3.Kabule göre; davacı erkeğin dava dilekçesindeki ve duruşma sırasındaki beyanları dikkate alındığında maddî tazminata ilişkin talebinin 4721 sayılı Kanun'un 174 üncü maddesinin birinci fıkrası kapsamında, boşanmanın fer'i niteliğinde maddî tazminat olduğu anlaşılmaktadır.

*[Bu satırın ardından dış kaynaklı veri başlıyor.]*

lemma sum_codes_collision_le:
  fixes Z :: "('a::{finite,field}^'n) pmf" and G :: real
  assumes p: "1 \<le> p" and mn: "CARD('m::finite) \<le> CARD('n)" and G: "G \<ge> 0"
    and moment: "\<And>t. 1 \<le> t \<Longrightarrow> t \<le> p - 1 \<Longrightarrow> (\<Sum>y\<in>UNIV. pmf Z y ^ (t+1)) \<le> G ^ t"
  defines "q \<equiv> real CARD('a)" and "m \<equiv> CARD('m)"
  shows "(\<Sum>C\<in>linear_codes m. q ^ (m * (p - 1)) *
            (\<Sum>s\<in>UNIV. pmf (syndrome_dist (parity_check C :: 'a^'n^'m) Z) s ^ p))
         \<le> real (card (linear_codes m :: ('a^'n) set set)) * (1 + q ^ (m + p) * G) ^ (p - 1)"
proof -
  define L where "L = (linear_codes m :: ('a^'n) set set)"
  define N where "N = real (card L)"
  define g where "g z = (\<Prod>i<p. pmf Z (z i))" for z :: "nat \<Rightarrow> 'a^'n"
  define f where "f z i = (if z i - z 0 \<in> vec.span ((\<lambda>j. z j - z 0) ` {..<i}) then q ^ m else 0)"
    for z :: "nat \<Rightarrow> 'a^'n" and i
  let ?J = "{1..<p}" and ?Tup = "PiE {..<p} (\<lambda>_. UNIV :: ('a^'n) set)"
  have finL: "finite L" unfolding L_def by (rule finite_linear_codes)
  have g0: "g z \<ge> 0" for z unfolding g_def by (intro prod_nonneg) auto
  have "(\<Sum>C\<in>L. \<Sum>s\<in>UNIV. pmf (syndrome_dist (parity_check C :: 'a^'n^'m) Z) s ^ p)
      = (\<Sum>C\<in>L. \<Sum>z\<in>?Tup. g z * (if \<forall>i<p. z i - z 0 \<in> C then 1 else 0))"
    using sum_syndrome_dist_power[OF kernel_parity_check p] mn
    unfolding L_def m_def g_def by (intro sum.cong) auto
  also have "\<dots> = (\<Sum>z\<in>?Tup. g z * real (card {C\<in>L. \<forall>i<p. z i - z 0 \<in> C}))"
    by (subst sum.swap) (simp only: sum_distrib_left[symmetric] sum_indicator_eq_card[OF finL])
  finally have "(\<Sum>C\<in>L. q ^ (m * (p - 1)) *
        (\<Sum>s\<in>UNIV. pmf (syndrome_dist (parity_check C :: 'a^'n^'m) Z) s ^ p))
      = q ^ (m * (p - 1)) * (\<Sum>z\<in>?Tup. g z * real (card {C\<in>L. \<forall>i<p. z i - z 0 \<in> C}))"
    by (simp only: sum_distrib_left[symmetric])
  also have "\<dots> = (\<Sum>z\<in>?Tup. g z * (q ^ (m * (p - 1)) * real (card {C\<in>L. \<forall>i<p. z i - z 0 \<in> C})))"
    by (simp add: sum_distrib_left mult_ac)
  also have "\<dots> \<le> (\<Sum>z\<in>?Tup. g z * (N * (\<Prod>i\<in>?J. 1 + f z i)))"
    using card_codes_containing_differences[of m p] mn p g0
    unfolding N_def L_def f_def q_def m_def by (intro sum_mono mult_left_mono) auto
  also have "\<dots> = (\<Sum>z\<in>?Tup. \<Sum>T\<in>Pow ?J. N * (g z * (\<Prod>i\<in>T. f z i)))"
  proof -
    have "(\<Prod>i\<in>?J. 1 + f z i) = (\<Sum>T\<in>Pow ?J. \<Prod>i\<in>T. f z i)" for z
      using prod_add[of ?J "f z" "\<lambda>_. 1"] by (simp add: add.commute)
    then show ?thesis by (simp add: sum_distrib_left mult_ac)
  qed
  also have "\<dots> = N * (\<Sum>T\<in>Pow ?J. \<Sum>z\<in>?Tup. g z * (\<Prod>i\<in>T. f z i))"
    by (subst sum.swap) (simp add: sum_distrib_left)
  also have "\<dots> \<le> N * (\<Sum>T\<in>Pow ?J. (q ^ m * q ^ p * G) ^ card T)"
  proof (intro mult_left_mono sum_mono)
    fix T assume "T \<in> Pow ?J"
    then have T: "T \<subseteq> ?J" and "card T \<le> p - 1" using card_mono[of ?J T] by auto
    then have "card T \<ge> 1 \<Longrightarrow> (\<Sum>y\<in>UNIV. pmf Z y ^ (card T + 1)) \<le> G ^ card T"
      using moment by simp
    from sum_tuples_earlier_dependent_le[OF _ _ T p G _ this, where c="q ^ m"]
    show "(\<Sum>z\<in>?Tup. g z * (\<Prod>i\<in>T. f z i)) \<le> (q ^ m * q ^ p * G) ^ card T"
      unfolding g_def f_def q_def by (simp add: sum_pmf_eq_1)
  qed (simp add: N_def)
  also have "\<dots> = N * (1 + q ^ (m + p) * G) ^ (p - 1)"
    using prod_add[of ?J "\<lambda>_. q ^ m * q ^ p * G" "\<lambda>_. 1"] by (simp add: power_add add.commute)
  finally show ?thesis unfolding N_def L_def .
qed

O halde, davacı erkeğin maddî tazminat talebinin bu kapsamda değerlendirilip sonucu uyarınca olumlu- olumsuz bir karar verilmesi gerekirken yazılı şekilde karar verilmesi ... görülmemiştir.

VI. KARAR

Açıklanan sebeplerle;

1.Temyiz olunan Bölge Adliye Mahkemesi kararının yukarıda (1), (2) ve (3) numaralı paragraflarda gösterilen nedenlerle kusur belirlemesi ve davacı erkek lehine hükmedilen manevî tazminat yönünden, davalı kadın yararına, maddî tazminat yönünden ise erkek yararına BOZULMASINA, yukarıda (3) numaralı paragrafta açıklanan bozma sebebine göre davalı kadın vekilinin vekâlet ücretine yönelik temyiz itirazlarının şimdilik incelenmesine yer olmadığına, yukarıda (2) numaralı paragrafta açıklanan bozma sebebine göre davacı erkeğin konusuz kalan manevî tazminatın miktarına yönelik temyiz itirazlarının incelenmesine yer olmadığına

2.Davacı erkeğin kusur belirlemesine yönelik temyiz itirazının REDDİNE,

Duruşma için takdir olunan 8.400,00 TL. vekâlet ücretinin davacıdan alınıp davalıya ve 8.400,00 TL. vekâlet ücretinin de davalıdan alınıp davacıya verilmesine,

Peşin alınan harcın istek halinde yatırana iadesine,

Dosyanın kararı veren Bölge Adliye Mahkemesine gönderilmesine,

24.05.2023 tarihinde oy birliğiyle karar verildi.